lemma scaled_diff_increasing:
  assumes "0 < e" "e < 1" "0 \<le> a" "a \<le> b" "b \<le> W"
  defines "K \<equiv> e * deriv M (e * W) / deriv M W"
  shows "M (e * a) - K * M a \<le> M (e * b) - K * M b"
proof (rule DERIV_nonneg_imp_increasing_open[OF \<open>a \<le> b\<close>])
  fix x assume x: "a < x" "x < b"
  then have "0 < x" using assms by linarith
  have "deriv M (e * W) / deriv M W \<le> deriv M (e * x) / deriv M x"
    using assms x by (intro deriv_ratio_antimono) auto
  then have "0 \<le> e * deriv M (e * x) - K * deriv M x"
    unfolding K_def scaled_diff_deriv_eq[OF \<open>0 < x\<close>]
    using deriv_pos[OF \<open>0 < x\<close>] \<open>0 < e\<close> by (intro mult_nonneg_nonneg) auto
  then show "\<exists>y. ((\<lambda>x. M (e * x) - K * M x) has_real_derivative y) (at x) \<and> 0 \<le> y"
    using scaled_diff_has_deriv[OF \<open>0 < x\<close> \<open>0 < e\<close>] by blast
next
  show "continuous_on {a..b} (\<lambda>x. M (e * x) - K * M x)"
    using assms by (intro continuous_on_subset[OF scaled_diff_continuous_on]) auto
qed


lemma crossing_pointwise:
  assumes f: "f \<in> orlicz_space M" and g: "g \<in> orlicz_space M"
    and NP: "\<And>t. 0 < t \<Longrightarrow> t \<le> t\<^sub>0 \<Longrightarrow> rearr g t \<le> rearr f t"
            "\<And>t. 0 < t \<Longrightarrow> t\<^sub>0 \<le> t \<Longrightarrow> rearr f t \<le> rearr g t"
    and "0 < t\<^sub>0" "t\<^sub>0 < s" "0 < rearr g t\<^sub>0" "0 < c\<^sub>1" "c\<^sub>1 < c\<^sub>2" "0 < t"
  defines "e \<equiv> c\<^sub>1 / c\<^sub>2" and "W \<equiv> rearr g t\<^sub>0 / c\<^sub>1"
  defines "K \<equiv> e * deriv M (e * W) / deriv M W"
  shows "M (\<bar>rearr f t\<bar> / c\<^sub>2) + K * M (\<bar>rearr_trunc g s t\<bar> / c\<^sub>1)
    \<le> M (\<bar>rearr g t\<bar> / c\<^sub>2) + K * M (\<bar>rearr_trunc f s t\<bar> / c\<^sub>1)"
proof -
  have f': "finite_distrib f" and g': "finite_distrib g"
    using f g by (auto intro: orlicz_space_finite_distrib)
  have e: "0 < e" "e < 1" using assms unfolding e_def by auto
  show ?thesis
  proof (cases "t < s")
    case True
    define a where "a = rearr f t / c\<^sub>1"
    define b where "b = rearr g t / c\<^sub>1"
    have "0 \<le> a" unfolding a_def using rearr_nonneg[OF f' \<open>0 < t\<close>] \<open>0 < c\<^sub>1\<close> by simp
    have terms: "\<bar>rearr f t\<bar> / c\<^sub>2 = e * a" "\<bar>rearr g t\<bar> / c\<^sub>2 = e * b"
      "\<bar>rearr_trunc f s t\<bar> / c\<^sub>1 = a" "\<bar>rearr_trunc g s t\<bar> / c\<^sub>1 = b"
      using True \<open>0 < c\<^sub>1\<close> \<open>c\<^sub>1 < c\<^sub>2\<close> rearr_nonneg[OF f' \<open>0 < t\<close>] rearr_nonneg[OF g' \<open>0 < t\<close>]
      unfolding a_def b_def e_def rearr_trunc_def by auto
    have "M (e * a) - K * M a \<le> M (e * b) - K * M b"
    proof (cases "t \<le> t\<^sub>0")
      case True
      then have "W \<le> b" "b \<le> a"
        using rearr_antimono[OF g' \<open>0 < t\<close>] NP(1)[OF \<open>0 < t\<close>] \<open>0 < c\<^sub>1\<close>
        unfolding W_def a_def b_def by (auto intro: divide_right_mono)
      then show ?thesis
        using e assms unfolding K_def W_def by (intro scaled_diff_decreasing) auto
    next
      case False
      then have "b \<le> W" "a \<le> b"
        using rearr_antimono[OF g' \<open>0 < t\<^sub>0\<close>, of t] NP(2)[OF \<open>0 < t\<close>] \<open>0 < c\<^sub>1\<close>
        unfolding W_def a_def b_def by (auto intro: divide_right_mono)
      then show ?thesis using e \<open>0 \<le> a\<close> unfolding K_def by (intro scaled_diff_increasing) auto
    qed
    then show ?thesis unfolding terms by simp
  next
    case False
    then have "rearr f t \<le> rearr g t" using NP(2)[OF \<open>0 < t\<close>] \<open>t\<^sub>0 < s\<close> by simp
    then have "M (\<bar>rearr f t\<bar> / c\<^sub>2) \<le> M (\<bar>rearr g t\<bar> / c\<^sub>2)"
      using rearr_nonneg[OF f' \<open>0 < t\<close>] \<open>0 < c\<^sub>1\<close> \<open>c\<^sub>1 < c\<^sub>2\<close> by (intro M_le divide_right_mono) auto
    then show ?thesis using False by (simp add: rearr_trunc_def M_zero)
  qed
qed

EXERCISE BRIEF >> Look over the records above, and wherever a line contains the string "proof", copy that line.

THE COMPLETED TASK >>
proof (rule DERIV_nonneg_imp_increasing_open[OF \<open>a \<le> b\<close>])
proof -
  proof (cases "t < s")
    proof (cases "t \<le> t\<^sub>0")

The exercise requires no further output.